Quand je travaillais sur , qui est la série télévisée de Stephen Soderbergh, je pense qu'un PA s'est fait crier dessus par quelqu'un, et le directeur de production a dit : « Whoa, whoa, qui t'a crié dessus ? Nous ne faisons pas ça ici. » Et elle est allée parler à la personne. Et c'est une affaire de Soderbergh. C'est comme si tout le monde était respecté ici. Et j’ai trouvé très inspirant la façon dont cela vient d’en haut. Et puis sur les plateaux de tournage de Steve McQueen, il vient au bureau de production et je visite le plateau de temps en temps et on voit sa façon de parler aux gens et la douceur, mais aussi la pure honnêteté avec laquelle il communique.
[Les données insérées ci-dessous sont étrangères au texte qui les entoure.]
(* For any hypothesis class $\mathcal{H}\subseteq\{0,1\}^{\mathcal{X}}$, as a function of the time horizon $T$, $$\inf_{\mathcal{A}}\operatorname{M}_{\mathcal{A}}(T,\mathcal{H}) = \begin{cases}\Theta(1), & \text{if } \operatorname{W}(\mathcal{H})=1,\\ \Theta(\sqrt{T}), & \text{if } 2\le \operatorname{W}(\mathcal{H})<\infty,\\ \Theta(T), & \text{if } \operatorname{W}(\mathcal{H})=\infty,\end{cases}$$ where the infimum is over all (possibly randomized) online learners operating under apple tasting feedback.
   Context: Online binary classification: over rounds $t=1,\dots,T$, an adversary picks $(x_t,y_t)\in\mathcal{X}\times\{0,1\}$ and reveals $x_t$; the learner $\mathcal{A}$ (possibly randomized) outputs $\hat y_t=\mathcal{A}(x_t)\in\{0,1\}$ based on the history; under apple tasting feedback the learner observes $y_t$ only if $\hat y_t=1$. $\operatorname{M}_{\mathcal{A}}(T,\mathcal{H}) := \sup_{h\in\mathcal{H}}\sup_{x_1,\dots,x_T}\mathbb{E}\bigl[\sum_{t=1}^T \mathbb{1}\{\mathcal{A}(x_t)\neq h(x_t)\}\bigr]$ (labels $y_t=h(x_t)$, expectation over the learner's randomness). AL tree of width $w\in\mathbb{N}=\{1,2,\dots\}$ and depth $d$: a binary string $u$ is an internal node if $|u|<d$ and $u$ has fewer than $w$ ones; the tree assigns $x_u\in\mathcal{X}$ to each internal node. A path is a binary string $\sigma$ whose proper prefixes are all internal nodes but which is not itself one. The tree is shattered by $\mathcal{H}$ if for every path $\sigma$ some $h\in\mathcal{H}$ satisfies $h(x_{(\sigma_1,\dots,\sigma_{i-1})})=\sigma_i$ for all $i\le|\sigma|$. $\operatorname{AL}_w(\mathcal{H})$ is the largest $d$ such that such a tree of width $w$ and depth $d$ is shattered ($\infty$ if unbounded, $0$ if none). The Effective width $\operatorname{W}(\mathcal{H})$ is the smallest $w\in\mathbb{N}$ with $\operatorname{AL}_w(\mathcal{H})<\infty$, and $\infty$ if none exists. *)

theory Defs
  imports Complex_Main "HOL-Library.Extended_Nat" "HOL-Library.Landau_Symbols"
begin

text \<open>Labels are encoded as bool (True = 1, False = 0).  A history entry records
  the revealed instance, the learner's prediction, and the feedback it received:
  Some y if the prediction was 1 (True), None otherwise.\<close>

type_synonym 'x hist = "('x \<times> bool \<times> bool option) list"

text \<open>A (possibly randomized) learner in behavioural form: given the history and the
  current instance, the probability with which it predicts 1.\<close>

type_synonym 'x learner = "'x hist \<Rightarrow> 'x \<Rightarrow> real"

definition valid_learner :: "'x learner \<Rightarrow> bool" where
  "valid_learner A \<longleftrightarrow> (\<forall>hs x. 0 \<le> A hs x \<and> A hs x \<le> 1)"

fun exp_mistakes :: "'x learner \<Rightarrow> ('x \<Rightarrow> bool) \<Rightarrow> 'x hist \<Rightarrow> 'x list \<Rightarrow> real" where
  "exp_mistakes A h hs [] = 0"
| "exp_mistakes A h hs (x # xs) =
     A hs x * ((if h x then 0 else 1) + exp_mistakes A h (hs @ [(x, True, Some (h x))]) xs)
   + (1 - A hs x) * ((if h x then 1 else 0) + exp_mistakes A h (hs @ [(x, False, None)]) xs)"

definition mistake_bound :: "'x learner \<Rightarrow> nat \<Rightarrow> ('x \<Rightarrow> bool) set \<Rightarrow> real" where
  "mistake_bound A T H = (SUP p \<in> {(h, xs). h \<in> H \<and> length xs = T}. exp_mistakes A (fst p) [] (snd p))"

definition opt_mistakes :: "nat \<Rightarrow> ('x \<Rightarrow> bool) set \<Rightarrow> real" where
  "opt_mistakes T H = (INF A \<in> {A. valid_learner A}. mistake_bound A T H)"

definition internal_node :: "nat \<Rightarrow> nat \<Rightarrow> bool list \<Rightarrow> bool" where
  "internal_node w d u \<longleftrightarrow> length u < d \<and> length (filter id u) < w"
J'étais comme, ah, noté.

Et puis Scorsese, je veux dire, bon sang, c'était tellement incroyable pour moi. C'était mon premier gros travail de scénario, travailler sur le pilote de et c'était toute une production, oh mon Dieu. Je veux dire, un bureau de production ouvert 24h/24. Ce que je n'ai plus vécu depuis. … J'ai appris là-bas, c'est comme ce genre de grosses productions musclées, c'est comme la rigueur du travail, ça comme le sérieux avec lequel il recherche la perfection était aussi très inspirant. Mais quand même, grâce au talent et à l'expérience des gens là-bas, c'était très hollywoodien, je dirai. C'était très cool.

Apprendre à être intransigeant avec sa vision

J'ai fait mes études dans de nombreuses institutions à prédominance blanche, et vous apprenez ce que le fait d'être une femme noire affecte le son de votre voix, votre présence dans une pièce. Vous apprenez assez rapidement ce que cela signifie pour les autres et comment cela change… la façon dont vous êtes perçu et la façon dont vous êtes perçu change peut-être la façon dont vous aborderez le compromis, par exemple, ou l'intransigeance. Cela a été très utile car Hollywood est un espace majoritairement blanc. …
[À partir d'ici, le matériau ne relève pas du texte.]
lemma tree_anc_node_iff:
  assumes "x \<in> L" "j \<le> height"
  shows "tree_anc root parent u (node j x) \<longleftrightarrow> (\<exists>i. j \<le> i \<and> i \<le> height \<and> u = node i x)"
proof
  assume "tree_anc root parent u (node j x)"
  then obtain k where k: "(parent ^^ k) (node j x) = u" "\<forall>i<k. (parent ^^ i) (node j x) \<noteq> root"
    unfolding tree_anc_def by blast
  have "k \<le> height - j"
  proof (rule ccontr)
    assume "\<not> k \<le> height - j"
    then have "(parent ^^ (height - j)) (node j x) \<noteq> root" using k by auto
    then show False using funpow_parent_node[of x j "height - j"] node_eq_root_iff assms by simp
  qed
  then show "\<exists>i. j \<le> i \<and> i \<le> height \<and> u = node i x"
    using k funpow_parent_node[of x j k] assms by (intro exI[of _ "j + k"]) auto
next
  assume "\<exists>i. j \<le> i \<and> i \<le> height \<and> u = node i x"
  then obtain i where i: "j \<le> i" "i \<le> height" "u = node i x" by blast
  have "(parent ^^ (i - j)) (node j x) = u" using funpow_parent_node[of x j "i - j"] i assms by simp
  moreover have "\<forall>i'<i - j. (parent ^^ i') (node j x) \<noteq> root"
    using funpow_parent_node[of x j] node_eq_root_iff i assms by auto
  ultimately show "tree_anc root parent u (node j x)" unfolding tree_anc_def by blast
qed

lemma tree_leaf_node_iff:
  assumes "x \<in> L" "j \<le> height"
  shows "tree_leaf nodes root parent (node j x) \<longleftrightarrow> j = 0"
proof
  assume leaf: "tree_leaf nodes root parent (node j x)"
  show "j = 0"
  proof (rule ccontr)
    assume "j \<noteq> 0"
    then have "node (j - 1) x \<in> nodes" "node (j - 1) x \<noteq> root" "parent (node (j - 1) x) = node j x"
      using assms node_in_nodes node_eq_root_iff[of x "j - 1"] parent_node[of x "j - 1"] by auto
    then show False using leaf unfolding tree_leaf_def by blast
  qed
next
  assume "j = 0"
  have "parent w \<noteq> node 0 x" if "w \<in> nodes" "w \<noteq> root" for w
  proof -
    obtain i y where "i \<le> height" "y \<in> L" "w = node i y" using \<open>w \<in> nodes\<close> by (rule nodesE)
    moreover have "i < height" using calculation node_eq_root_iff \<open>w \<noteq> root\<close> by auto
    ultimately show ?thesis using parent_node node_eq_iff[of y x "Suc i" 0] assms by auto
  qed
  then show "tree_leaf nodes root parent (node j x)"
    unfolding tree_leaf_def using node_in_nodes assms \<open>j = 0\<close> by blast
qed

definition leaf :: "'a \<Rightarrow> nat" where
  "leaf x = node 0 x"

lemma bij_betw_leaf: "bij_betw leaf L {v. tree_leaf nodes root parent v}"
  unfolding bij_betw_def
proof
  show "inj_on leaf L"
  proof
    fix x y assume "x \<in> L" "y \<in> L" "leaf x = leaf y"
    then have "\<rho> x y \<le> 0" using node_eq_iff[of x y 0 0] radius_0 unfolding leaf_def by simp
    then show "x = y" using ultrametric_onD(4)[OF ultrametric \<open>x \<in> L\<close> \<open>y \<in> L\<close>] by force
  qed
  show "leaf ` L = {v. tree_leaf nodes root parent v}"
  proof (intro equalityI subsetI)
    fix v assume "v \<in> leaf ` L"
    then show "v \<in> {v. tree_leaf nodes root parent v}" using tree_leaf_node_iff unfolding leaf_def by auto
  next
    fix v assume "v \<in> {v. tree_leaf nodes root parent v}"
    then have "tree_leaf nodes root parent v" "v \<in> nodes" unfolding tree_leaf_def by auto
    moreover obtain j x where "j \<le> height" "x \<in> L" "v = node j x" using \<open>v \<in> nodes\<close> by (rule nodesE)
    ultimately show "v \<in> leaf ` L" using tree_leaf_node_iff unfolding leaf_def by auto
  qed
qed

definition weight :: "nat \<Rightarrow> real" where
  "weight v = radius (fst (prod_decode v))"

lemma weight_node: "weight (node j x) = radius j"
  unfolding weight_def node_def by simp

lemma tree_lca_leaf:
  assumes "x \<in> L" "y \<in> L" "j \<le> height" "radius j = \<rho> x y"
  shows "tree_lca root parent (leaf x) (leaf y) = node j x"
proof (rule tree.tree_lca_eqI)
  show "leaf x \<in> nodes" "leaf y \<in> nodes" unfolding leaf_def using assms node_in_nodes by auto
  have "node j x = node j y" using node_eq_iff[of x y j j] assms by simp
  then show "tree.is_lca (leaf x) (leaf y) (node j x)"
    unfolding tree.is_lca_def leaf_def tree_anc_node_iff[OF assms(1) le0] tree_anc_node_iff[OF assms(2) le0]
  proof (intro conjI allI impI)
    fix w assume "(\<exists>i\<ge>0. i \<le> height \<and> w = node i x) \<and> (\<exists>i\<ge>0. i \<le> height \<and> w = node i y)"
    then obtain i i' where i: "i \<le> height" "w = node i x" "i' \<le> height" "w = node i' y" by auto
    then have "\<rho> x y \<le> radius i" using node_eq_iff[of x y i i'] assms by auto
    have "j \<le> i"
    proof (rule ccontr)
      assume "\<not> j \<le> i"
      then have "radius i < radius j" using radius_strict_mono assms(3) by simp
      then show False using \<open>\<rho> x y \<le> radius i\<close> assms(4) by simp
    qed
    then show "tree_anc root parent w (node j x)" using tree_anc_node_iff[OF assms(1,3)] i by auto
  qed (use assms \<open>node j x = node j y\<close> in auto)
qed

lemma is_muHST_1: "is_muHST 1 L \<rho>"
proof -
  have "\<forall>v\<in>nodes. weight v \<ge> 0" using weight_node radius_nonneg by (auto elim: nodesE)
  moreover have "\<forall>v\<in>nodes. weight v = 0 \<longleftrightarrow> tree_leaf nodes root parent v"
  proof
    fix v assume "v \<in> nodes"
    then obtain j x where "j \<le> height" "x \<in> L" "v = node j x" by (rule nodesE)
    then show "weight v = 0 \<longleftrightarrow> tree_leaf nodes root parent v"
      using tree_leaf_node_iff weight_node radius_0 radius_strict_mono[of 0 j] by (cases "j = 0") auto
  qed
  moreover have "\<forall>v\<in>nodes. v \<noteq> root \<longrightarrow> weight v \<le> weight (parent v) / 1"
  proof (intro ballI impI)
    fix v assume "v \<in> nodes" "v \<noteq> root"
    from \<open>v \<in> nodes\<close> obtain j x where "j \<le> height" "x \<in> L" "v = node j x" by (rule nodesE)
    moreover have "j < height" using calculation node_eq_root_iff \<open>v \<noteq> root\<close> by auto
    ultimately show "weight v \<le> weight (parent v) / 1"
      using parent_node weight_node radius_mono[of j "Suc j"] by simp
  qed
  moreover have "\<forall>x\<in>L. \<forall>y\<in>L. \<rho> x y = weight (tree_lca root parent (leaf x) (leaf y))"
    using rho_is_radius tree_lca_leaf weight_node by fastforce
  ultimately show ?thesis
    unfolding is_muHST_def using is_rooted_tree bij_betw_leaf by blast
qed

end

lemma finite_ultrametric_is_1HST:
  assumes "finite L" "ultrametric_on L \<rho>"
  shows "is_muHST 1 L \<rho>"
proof (cases "L = {}")
  case False
  obtain code :: "'a \<Rightarrow> nat" where "inj_on code L"
    using finite_imp_inj_to_nat_seg[OF assms(1)] by blast
  then interpret finite_ultrametric L \<rho> code using assms False by unfold_locales
  show ?thesis by (rule is_muHST_1)
qed (simp add: is_muHST_def)

section \<open>Minimax path distances\<close>

lemma is_metricD:
  assumes "is_metric d"
  shows "d x x = 0" "d x y = d y x" "d x z \<le> d x y + d y z" "d x y \<ge> 0" "x \<noteq> y \<Longrightarrow> d x y > 0"
proof -
  show zero: "d x x = 0" and sym: "d x y = d y x" and tri: "d x z \<le> d x y + d y z" for z
    using assms unfolding is_metric_def by simp_all
  have "d x x \<le> d x y + d y x" by (rule tri)
  then show nonneg: "d x y \<ge> 0" using zero sym by simp
  show "x \<noteq> y \<Longrightarrow> d x y > 0" using nonneg assms unfolding is_metric_def by (simp add: order_le_less)
qed

definition threshold_rel :: "'a set \<Rightarrow> ('a \<Rightarrow> 'a \<Rightarrow> real) \<Rightarrow> real \<Rightarrow> 'a \<Rightarrow> 'a \<Rightarrow> bool" where
  "threshold_rel S f t a b \<longleftrightarrow> a \<in> S \<and> b \<in> S \<and> f a b \<le> t"

definition minimax_levels :: "'a set \<Rightarrow> ('a \<Rightarrow> 'a \<Rightarrow> real) \<Rightarrow> 'a \<Rightarrow> 'a \<Rightarrow> real set" where
  "minimax_levels S f u v = {t \<in> (\<lambda>(a, b). f a b) ` (S \<times> S). (threshold_rel S f t)\<^sup>*\<^sup>* u v}"

text \<open>The least \<open>t\<close> such that \<open>u\<close> and \<open>v\<close> are joined by a path in \<open>S\<close> all of whose
  steps have \<open>f\<close>-length at most \<open>t\<close>: the subdominant ultrametric of \<open>f\<close> on \<open>S\<close>.\<close>
definition minimax_dist :: "'a set \<Rightarrow> ('a \<Rightarrow> 'a \<Rightarrow> real) \<Rightarrow> 'a \<Rightarrow> 'a \<Rightarrow> real" where
  "minimax_dist S f u v = (if u = v then 0 else Min (minimax_levels S f u v))"

lemma finite_minimax_levels: "finite S \<Longrightarrow> finite (minimax_levels S f u v)"
  unfolding minimax_levels_def by simp

lemma in_minimax_levels: "u \<in> S \<Longrightarrow> v \<in> S \<Longrightarrow> f u v \<in> minimax_levels S f u v"
  unfolding minimax_levels_def by (auto simp: threshold_rel_def intro!: r_into_rtranclp)

lemma minimax_dist_in_levels:
  "finite S \<Longrightarrow> u \<in> S \<Longrightarrow> v \<in> S \<Longrightarrow> u \<noteq> v \<Longrightarrow> minimax_dist S f u v \<in> minimax_levels S f u v"
  unfolding minimax_dist_def using finite_minimax_levels in_minimax_levels by (metis Min_in empty_iff)

lemma minimax_dist_le:
  "finite S \<Longrightarrow> u \<in> S \<Longrightarrow> v \<in> S \<Longrightarrow> u \<noteq> v \<Longrightarrow> minimax_dist S f u v \<le> f u v"
  unfolding minimax_dist_def by (simp add: Min_le finite_minimax_levels in_minimax_levels)

lemma minimax_dist_le_level:
  "finite S \<Longrightarrow> u \<noteq> v \<Longrightarrow> t \<in> minimax_levels S f u v \<Longrightarrow> minimax_dist S f u v \<le> t"
  unfolding minimax_dist_def by (simp add: Min_le finite_minimax_levels)

lemma minimax_path:
  assumes "finite S" "u \<in> S" "v \<in> S" "u \<noteq> v"
  obtains xs where "rtrancl_path (threshold_rel S f (minimax_dist S f u v)) u xs v" "distinct (u # xs)"
proof -
  have "(threshold_rel S f (minimax_dist S f u v))\<^sup>*\<^sup>* u v"
    using minimax_dist_in_levels[OF assms] unfolding minimax_levels_def by simp
  then obtain ys where "rtrancl_path (threshold_rel S f (minimax_dist S f u v)) u ys v"
    using rtranclp_eq_rtrancl_path by metis
  then show ?thesis using rtrancl_path_distinct that by metis
qed

lemma rtrancl_path_threshold_subset:
  "rtrancl_path (threshold_rel S f t) a xs b \<Longrightarrow> a \<in> S \<Longrightarrow> set xs \<subseteq> S"
  by (induction rule: rtrancl_path.induct) (auto simp: threshold_rel_def)

lemma minimax_dist_pos:
  assumes "finite S" "u \<in> S" "v \<in> S" "u \<noteq> v" and pos: "\<And>a b. a \<in> S \<Longrightarrow> b \<in> S \<Longrightarrow> a \<noteq> b \<Longrightarrow> f a b > 0"
  shows "minimax_dist S f u v > 0"
proof -
  obtain xs where path: "rtrancl_path (threshold_rel S f (minimax_dist S f u v)) u xs v"
    and "distinct (u # xs)"
    using minimax_path[OF assms(1-4)] by metis
  from path show ?thesis
  proof cases
    case (step y ys)
    then have "y \<noteq> u" "u \<in> S" "y \<in> S" "f u y \<le> minimax_dist S f u v"
      using \<open>distinct (u # xs)\<close> unfolding threshold_rel_def by auto
    moreover have "f u y > 0" using pos calculation by simp
    ultimately show ?thesis by linarith
  qed (use assms(4) in simp)
qed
J'ai toujours (croyé) qu'une honnêteté bienveillante vous aidera à vous en sortir. Mais à mesure que je vieillis et que je suis devenue plus confiante, il est parfois difficile de dire « Non, je ne fais pas ça » ou « Devine quoi ? Je fais ça »… même si je sais que vous percevrez peut-être cela comme plus agressif parce que je suis une femme noire. Je suis d'accord avec ça. … Quand j'étais plus jeune, j'avais l'impression que j'allais perdre quelque chose si je n'étais pas toujours pleinement apprécié ou perçu comme poli et accommodant. Maintenant, ce n'est pas vraiment mon problème. Ce qui me préoccupe, c'est le travail.